Eu e minha orientação filosófica
“Não
tem que nos doer a transitoriedade das coisas terrestres ou a inexistência das
celestes. Que tudo esteja destinado a perecer, que tudo seja vão e fugaz, que
tudo careça absolutamente de valor e consistência, isso só pode nos provocar
desgosto”.
(Cioran)
1. Primeiras palavras
“A
filosofia – escreve Sponville – nada mais é do que a vida tentando se pensar”.
Mas que vida é esta – devemos perguntar – que se esforça por pensar a si mesma?
Não se trata, naturalmente, da vida em geral, porque a vida se objetiva em
organismos incapazes da experiência de pensamento. Somente uma forma de vida é
capaz de se voltar reflexivamente sobre a própria vida: a vida humana. A filosofia é, então, o próprio modo de ser da vida
humana que se exterioriza como questionamento sobre o que é isto: a existência. Ao afirmar que a
filosofia não é outra coisa senão a vida se pensando a si mesma, Sponville nos
chama a atenção para a relação intrínseca entre filosofia e vida.

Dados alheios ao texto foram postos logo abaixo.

lemma kernel_term_div_power_factorization:
  fixes j i :: nat
  assumes i: "i \<ge> 1"
  defines "n \<equiv> j + 2*i" and "z \<equiv> real j + a - 1/2"
  shows "kernel_term j i / real i ^ (2*j)
       = 4^j * 2 powr (2*a) / pi * (Gamma (real i + 1 + z) / (fact i * real i powr z))\<^sup>2
         / (Gamma (real n + 1 + 2*a) / (fact n * real n powr (2*a)))
         * ((real n + a + 1/2) / real i * (real i / real n) powr (2*a))"
proof -
  have pos: "real i > 0" "real n > 0" "Gamma (real n + 2*a + 1) > 0"
    using i gt_minus_one by (auto simp: n_def)
  have "(real i powr z)\<^sup>2 * real i = real i powr (z + z + 1)"
    using pos by (simp only: power2_eq_square powr_add) simp
  also have "z + z + 1 = real (2*j) + 2*a"
    by (simp add: z_def)
  also have "real i powr (real (2*j) + 2*a) = real i ^ (2*j) * real i powr (2*a)"
    using powr_realpow[OF pos(1), of "2*j"] by (simp add: powr_add)
  finally have key: "(real i powr z)\<^sup>2 * real i = real i ^ (2*j) * real i powr (2*a)" .
  have field_identity:
    "K * (G / (I * P))\<^sup>2 / (H / (F * Q)) * (L / ii * (E / Q)) = K * L * F * G\<^sup>2 / (I\<^sup>2 * H) / X"
    if "P\<^sup>2 * ii = X * E" "I > 0" "P > 0" "H > 0" "F > 0" "Q > 0" "ii > 0" "E > 0"
    for K G I P H F Q L ii E X :: real
  proof -
    have "X \<noteq> 0" using that by (metis mult_eq_0_iff power2_eq_square order_less_irrefl)
    with that show ?thesis
      by (simp add: field_simps power2_eq_square)
  qed
  have args: "real i + 1 + z = real j + real i + a + 1/2" "real n + 1 + 2*a = real n + 2*a + 1"
    by (simp_all add: z_def)
  show ?thesis
    unfolding args powr_divide kernel_term_Gamma[OF i, of j, folded n_def]
    using key pos by (intro field_identity[symmetric]) auto
qed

Por isso,
mesmo que encontremos, na tradição, filósofos elaborando um pensamento que
parece divorciado da vida, eles não deixaram de se ocupar, de alguma maneira, das
dimensões do problema do viver. O que me interessa aqui não é tanto demonstrar
a indissociabilidade entre filosofia e vida, mas elucidar o que entendo por vida à luz de minha orientação filosófica, cujas bases
teóricas cumpre-me dar a conhecer ao leitor. Esclarecerei, em tempo, o que
entendo por orientação filosófica.
Uma vez
que este texto se destina à exposição das bases teóricas que dão corpo e
sustentação a minha orientação filosófica, não estarei preocupado em justificar
o conjunto de pontos de vista que a estruturam. Não estarei preocupado em examinar o
conteúdo e as implicações de cada ponto de vista aduzido. Pretendo apenas
lançar luzes sobre o caminho para o qual me sinto fisiologicamente arrastado na
constituição de minha experiência filosófica de mundo.
Pensar
filosoficamente a vida é ser tomado por uma experiência de viver que se realiza
para além da ordem do viver comum. Como eu aceite a visão de filosofia de
Pierre Hadot, segundo a qual a filosofia é exercício espiritual destinado a
cunhar modos de ser, de tal modo que a filosofia é ela mesma um modo de vida,
uma maneira de viver (ao menos é assim que, na opinião de Hadot, a filosofia
antiga era experienciada),
não posso recusar-me de assumir que o exercitar-se na filosofia é apropriar-se
de um modo específico de ser e viver, que difere radicalmente do modo de ser e
viver do homem da cotidianidade mediana. A experiência com o pensamento
filosófico funda um modo próprio de ser, metamorfoseia o eu daquele que se
entrega a tal experiência.
Em
consonância com a visão de Michel Henri, segundo a qual “a vida se sente, se
experimenta a si mesma” e “a essência da vida reside na autoafecção”, assumo
que a vida é fazer uma experiência
contínua de si. Ao viver, o indivíduo vive-se numa relação de afecção com o
mundo. Vivendo-se, o indivíduo se experiencia num movimento de autoconstituição
que será expressão de certo modo de ser afetado fisiologicamente pelo caráter deveniente da vida. Portanto, não se
trata aqui de pensar a vida como mero processo biológico que partilhamos com
outras formas orgânicas, mas de assumir a vida como uma experiência singular do
caráter deveniente do mundo sob o modo como somos afetados por esse caráter.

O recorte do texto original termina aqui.